Toyota cuts pallet truck footprint with SSAB Zero steel

Toyota cuts pallet truck footprint with SSAB Zero steel

Toyota Material Handling Europe has reduced the cradle-to-gate carbon footprint of its LHM230 hand pallet truck by 18% through the use of SSAB Zero steel, extending lower-emission materials into serial production.


IN Brief:

  • Toyota Material Handling Europe has cut product emissions through SSAB Zero steel.
  • The first serial-production application covers the LHM230 hand pallet truck.
  • The programme points to a more practical phase of equipment decarbonisation in warehousing.

Toyota Material Handling Europe has reduced the cradle-to-gate carbon footprint of its LHM230 hand pallet truck by 18% through the use of SSAB Zero steel.

The company said the lower-emission steel is now being used in serial production, making the move more than a limited pilot or concept exercise. The initial application covers the forks and frame of the hand pallet truck, with the partnership also being extended to the forks of selected powered pallet truck models within the BT Levio range.

Toyota Material Handling Europe produces around 80,000 hand pallet trucks and 15,000 powered pallet trucks each year, which gives relatively modest material changes a wider manufacturing effect once they move into standard production. The company said the shift can reduce emissions from the affected steel components by up to 75% compared with conventional alternatives.
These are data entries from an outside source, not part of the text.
(* Assume (A1), (A2), (A4), and suppose $m_1=M>1$ and $m_2=\dots=m_K=m<1$. Let $p:=\sum_{j=2}^K d_{1j}$. Let the random disperser start at $X_0=1$, let $\sigma:=\inf\{n\ge0: X_n\neq 1\}$ and $S:=\inf\{n\ge0: X_{\sigma+n}=1\}$, and define $e:=\mathbb E(m^S)=\sum_{k\ge1}m^k\,\mathbb P(S=k)$. Then, starting from one individual in patch $1$, the population persists with positive probability if and only if $$ M(1-p)+eMp>1. $$
   Context: Model: $K\ge2$ patches, stochastic dispersal matrix $D=(d_{ij})$; at each generation every individual in patch $i$ independently produces a random number of offspring distributed as $N_i$ with mean $m_i$, and each offspring independently moves from patch $i$ to patch $j$ with probability $d_{ij}$. "Persists with positive probability" means the total population is nonzero at all generations with positive probability. The random disperser $(X_n)$ is the Markov chain with transition matrix $D$. Assumptions: (A1) $\mathbb P(N_1=1)<1$; (A2) $\mathbb E(N_i)<\infty$ for all $i$; (A4) $D$ is irreducible. *)

theory Defs
  imports "HOL-Probability.Probability"
begin

fun iid_sum :: "nat \<Rightarrow> ('k \<Rightarrow> nat) pmf \<Rightarrow> ('k \<Rightarrow> nat) pmf" where
  "iid_sum 0 p = return_pmf (\<lambda>_. 0)"
| "iid_sum (Suc n) p = bind_pmf p (\<lambda>x. map_pmf (\<lambda>y k. x k + y k) (iid_sum n p))"

definition unit_vec :: "'k \<Rightarrow> 'k \<Rightarrow> nat" where
  "unit_vec j = (\<lambda>k. if k = j then 1 else 0)"

text \<open>Vector of offspring counts (by destination patch) of one individual in patch i:
  N i offspring, each dispersing independently according to Disp i (d_ij = pmf (Disp i) j).\<close>
definition offspring_vec :: "('k \<Rightarrow> nat pmf) \<Rightarrow> ('k \<Rightarrow> 'k pmf) \<Rightarrow> 'k \<Rightarrow> ('k \<Rightarrow> nat) pmf" where
  "offspring_vec N Disp i = bind_pmf (N i) (\<lambda>n. iid_sum n (map_pmf unit_vec (Disp i)))"

definition bp_step :: "('k::finite \<Rightarrow> nat pmf) \<Rightarrow> ('k \<Rightarrow> 'k pmf) \<Rightarrow> ('k \<Rightarrow> nat) \<Rightarrow> ('k \<Rightarrow> nat) pmf" where
  "bp_step N Disp z = map_pmf (\<lambda>f j. \<Sum>i\<in>UNIV. f i j)
      (Pi_pmf UNIV (\<lambda>_. 0) (\<lambda>i. iid_sum (z i) (offspring_vec N Disp i)))"

text \<open>Path space of the population process (random mapping representation of the Markov chain).\<close>
definition bp_space :: "('k::finite \<Rightarrow> nat pmf) \<Rightarrow> ('k \<Rightarrow> 'k pmf)
    \<Rightarrow> (nat \<Rightarrow> ('k \<Rightarrow> nat) \<Rightarrow> ('k \<Rightarrow> nat)) measure" where
  "bp_space N Disp = PiM UNIV (\<lambda>n. PiM UNIV (\<lambda>z. measure_pmf (bp_step N Disp z)))"

fun bp_path :: "('k \<Rightarrow> nat) \<Rightarrow> (nat \<Rightarrow> ('k \<Rightarrow> nat) \<Rightarrow> ('k \<Rightarrow> nat)) \<Rightarrow> nat \<Rightarrow> ('k \<Rightarrow> nat)" where
  "bp_path z0 \<omega> 0 = z0"
| "bp_path z0 \<omega> (Suc n) = \<omega> n (bp_path z0 \<omega> n)"

definition persist_prob :: "('k::finite \<Rightarrow> nat pmf) \<Rightarrow> ('k \<Rightarrow> 'k pmf) \<Rightarrow> ('k \<Rightarrow> nat) \<Rightarrow> real" where
  "persist_prob N Disp z0 = measure (bp_space N Disp)
     {\<omega> \<in> space (bp_space N Disp). \<forall>n. (\<Sum>k\<in>UNIV. bp_path z0 \<omega> n k) \<noteq> 0}"

definition rd_space :: "('k::finite \<Rightarrow> 'k pmf) \<Rightarrow> (nat \<Rightarrow> 'k \<Rightarrow> 'k) measure" where
  "rd_space Disp = PiM UNIV (\<lambda>n. measure_pmf (Pi_pmf UNIV undefined Disp))"

fun rd_path :: "'k \<Rightarrow> (nat \<Rightarrow> 'k \<Rightarrow> 'k) \<Rightarrow> nat \<Rightarrow> 'k" where
  "rd_path x0 \<omega> 0 = x0"
| "rd_path x0 \<omega> (Suc n) = \<omega> n (rd_path x0 \<omega> n)"

text \<open>P(S = k) for X_0 = i0, sigma = first exit time from i0, S = time after sigma until
  first return to i0.\<close>
definition return_prob :: "('k::finite \<Rightarrow> 'k pmf) \<Rightarrow> 'k \<Rightarrow> nat \<Rightarrow> real" where
  "return_prob Disp i0 k = measure (rd_space Disp)
     {\<omega> \<in> space (rd_space Disp). \<exists>s. rd_path i0 \<omega> s \<noteq> i0 \<and> (\<forall>t<s. rd_path i0 \<omega> t = i0)
         \<and> rd_path i0 \<omega> (s + k) = i0 \<and> (\<forall>t<k. rd_path i0 \<omega> (s + t) \<noteq> i0)}"

end

theory Submission
  imports Defs
begin

text \<open>Let q be the extinction probability vector, the least fixed point in [0,1]^K of
  F(s)_i = f_i((D s)_i), where f_i is the offspring generating function in patch i, and let
  h_\<mu>(j) = E_j(\<mu>^\<tau>) for the hitting time \<tau> of patch i0 by the random disperser. A first-step
  analysis of the disperser gives (D h_m)(i0) = (1 - p) + e p, so the criterion reads
  M (D h_m)(i0) > 1.

  If q(i0) < 1, then t = 1 - q satisfies t_j \<le> m (D t)_j away from i0, which forces
  t \<le> t(i0) h_m, while strict convexity of f_i0 gives t(i0) < M (D t)(i0) \<le> M t(i0) (D h_m)(i0).
  Conversely, if M (D h_m)(i0) > 1, then by continuity M (D h_\<mu>)(i0) > 1 for some \<mu> < m, and
  for small \<epsilon> the vector s = 1 - \<epsilon> h_\<mu> satisfies F s \<le> s and s(i0) < 1; hence q(i0) \<le> s(i0) < 1.\<close>

section \<open>Dispersal averages and probability generating functions\<close>

definition disp_avg :: "('k::finite \<Rightarrow> 'k pmf) \<Rightarrow> ('k \<Rightarrow> real) \<Rightarrow> 'k \<Rightarrow> real" where
  "disp_avg Disp u i = (\<Sum>j\<in>UNIV. pmf (Disp i) j * u j)"

lemma disp_avg_nonneg: "(\<And>j. 0 \<le> u j) \<Longrightarrow> 0 \<le> disp_avg Disp u i"
  unfolding disp_avg_def by (intro sum_nonneg mult_nonneg_nonneg) auto

lemma disp_avg_mono: "(\<And>j. u j \<le> v j) \<Longrightarrow> disp_avg Disp u i \<le> disp_avg Disp v i"
  unfolding disp_avg_def by (intro sum_mono mult_left_mono) auto

lemma disp_avg_const [simp]: "disp_avg Disp (\<lambda>_. c) i = c"
  unfolding disp_avg_def by (simp add: sum_distrib_right[symmetric] sum_pmf_eq_1)

lemma disp_avg_le_1: "(\<And>j. u j \<le> 1) \<Longrightarrow> disp_avg Disp u i \<le> 1"
  using disp_avg_mono[of u "\<lambda>_. 1" Disp i] by simp

lemma disp_avg_affine: "disp_avg Disp (\<lambda>j. a + b * u j) i = a + b * disp_avg Disp u i"
proof -
  have "disp_avg Disp (\<lambda>j. a + b * u j) i = a * (\<Sum>j\<in>UNIV. pmf (Disp i) j) + b * disp_avg Disp u i"
    unfolding disp_avg_def by (simp add: algebra_simps sum.distrib sum_distrib_left)
  then show ?thesis by (simp add: sum_pmf_eq_1)
qed

lemma disp_avg_cmult: "disp_avg Disp (\<lambda>j. c * u j) i = c * disp_avg Disp u i"
  using disp_avg_affine[of Disp 0 c u i] by simp

lemma disp_avg_remove:
  "disp_avg Disp u i = pmf (Disp i) i0 * u i0 + (\<Sum>j\<in>UNIV - {i0}. pmf (Disp i) j * u j)"
  unfolding disp_avg_def by (rule sum.remove) auto

lemma pmf_eq_1_minus_sum_others: "pmf D x = 1 - (\<Sum>y\<in>UNIV - {x}. pmf D (y::'k::finite))"
  using disp_avg_remove[of "\<lambda>_. D" "\<lambda>_. 1" x x] by simp

lemma tendsto_disp_avg:
  "(\<And>j. (\<lambda>n. X n j) \<longlonglongrightarrow> u j) \<Longrightarrow> (\<lambda>n. disp_avg Disp (X n) i) \<longlonglongrightarrow> disp_avg Disp u i"
  unfolding disp_avg_def by (intro tendsto_intros)

definition pgf :: "nat pmf \<Rightarrow> real \<Rightarrow> real" where
  "pgf Q x = measure_pmf.expectation Q (\<lambda>n. x ^ n)"

lemma integrable_power_pmf:
  "0 \<le> (x::real) \<Longrightarrow> x \<le> 1 \<Longrightarrow> integrable (measure_pmf Q) (\<lambda>n. x ^ n)"
  by (rule measure_pmf.integrable_const_bound[where B=1]) (auto simp: power_le_one)

lemma pgf_nonneg: "0 \<le> x \<Longrightarrow> 0 \<le> pgf Q x"
  unfolding pgf_def by (intro integral_nonneg_AE AE_I2) auto

lemma pgf_le_1: "0 \<le> x \<Longrightarrow> x \<le> 1 \<Longrightarrow> pgf Q x \<le> 1"
  unfolding pgf_def
  by (intro measure_pmf.integral_le_const integrable_power_pmf AE_I2) (auto simp: power_le_one)

lemma pgf_1 [simp]: "pgf Q 1 = 1"
  by (simp add: pgf_def)

lemma pgf_mono: "0 \<le> x \<Longrightarrow> x \<le> y \<Longrightarrow> y \<le> 1 \<Longrightarrow> pgf Q x \<le> pgf Q y"
  unfolding pgf_def by (intro integral_mono integrable_power_pmf power_mono) auto

lemma tendsto_pgf:
  assumes "\<And>n. 0 \<le> X n" "\<And>n. X n \<le> 1" and "X \<longlonglongrightarrow> x"
  shows "(\<lambda>n. pgf Q (X n)) \<longlonglongrightarrow> pgf Q x"
  unfolding pgf_def
proof (rule integral_dominated_convergence[where w="\<lambda>_. 1"])
  show "AE k in measure_pmf Q. (\<lambda>n. X n ^ k) \<longlonglongrightarrow> x ^ k"
    using assms(3) by (intro AE_I2 tendsto_power)
  show "AE k in measure_pmf Q. norm (X n ^ k) \<le> 1" for n
    using assms(1,2) by (intro AE_I2) (simp add: power_le_one)
qed auto

lemma one_minus_pgf_eq:
  "0 \<le> x \<Longrightarrow> x \<le> 1 \<Longrightarrow> 1 - pgf Q x = measure_pmf.expectation Q (\<lambda>n. 1 - x ^ n)"
  unfolding pgf_def by (subst Bochner_Integration.integral_diff) (auto intro!: integrable_power_pmf)

lemma one_minus_power_le: "x \<le> 1 \<Longrightarrow> 1 - (1 - x) ^ n \<le> real n * (x::real)"
  using Bernoulli_inequality[of "- x" n] by simp

lemma one_minus_pgf_le:
  assumes Q: "integrable (measure_pmf Q) real" and "0 \<le> x" "x \<le> 1"
  shows "1 - pgf Q (1 - x) \<le> measure_pmf.expectation Q real * x"
proof -
  have "1 - pgf Q (1 - x) = measure_pmf.expectation Q (\<lambda>n. 1 - (1 - x) ^ n)"
    using assms by (intro one_minus_pgf_eq) auto
  also have "\<dots> \<le> measure_pmf.expectation Q (\<lambda>n. real n * x)"
    using one_minus_power_le assms
    by (intro integral_mono Bochner_Integration.integrable_diff integrable_mult_left integrable_power_pmf Q)
       auto
  finally show ?thesis by simp
qed

lemma Bernoulli_inequality_strict:
  fixes x :: real
  assumes "0 < x" "x \<le> 1" "2 \<le> n"
  shows "1 - real n * x < (1 - x) ^ n"
proof -
  obtain k where n: "n = Suc k" and "1 \<le> k" using assms(3) by (cases n) auto
  have "1 - real n * x < (1 - real k * x) * (1 - x)"
    using \<open>1 \<le> k\<close> assms(1) by (simp add: n algebra_simps)
  also have "\<dots> \<le> (1 - x) ^ k * (1 - x)"
    using one_minus_power_le[of x k] assms by (intro mult_right_mono) auto
  finally show ?thesis by (simp add: n mult.commute)
qed

lemma one_minus_pgf_less:
  assumes Q: "integrable (measure_pmf Q) real" and EQ: "measure_pmf.expectation Q real > 1"
    and "0 < x" "x \<le> 1"
  shows "1 - pgf Q (1 - x) < measure_pmf.expectation Q real * x"
proof -
  have "emeasure (measure_pmf Q) {n. 2 \<le> n} \<noteq> 0"
  proof
    assume "emeasure (measure_pmf Q) {n. 2 \<le> n} = 0"
    then have "AE n in measure_pmf Q. real n \<le> 1"
      by (intro AE_I'[of "{n. 2 \<le> n}"]) auto
    then have "measure_pmf.expectation Q real \<le> measure_pmf.expectation Q (\<lambda>_. 1)"
      by (intro integral_mono_AE Q) auto
    then show False using EQ by simp
  qed
  then have "measure_pmf.expectation Q (\<lambda>n. 1 - (1 - x) ^ n) < measure_pmf.expectation Q (\<lambda>n. real n * x)"
    using Bernoulli_inequality_strict[OF assms(3,4)] one_minus_power_le assms(3,4)
    by (intro measure_pmf.integral_less_AE[where A="{n. 2 \<le> n}"] AE_I2
        Bochner_Integration.integrable_diff integrable_mult_left integrable_power_pmf Q) force+
  then show ?thesis using assms by (simp add: one_minus_pgf_eq)
qed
That is notable because materials handling sustainability is often discussed in terms of batteries, energy use, and charging infrastructure. Steel choice is a less visible part of the equation, but it has a direct bearing on embodied emissions in high-volume equipment categories. The latest move suggests that decarbonisation in warehouse equipment is broadening from powertrain questions into the structure of the machine itself.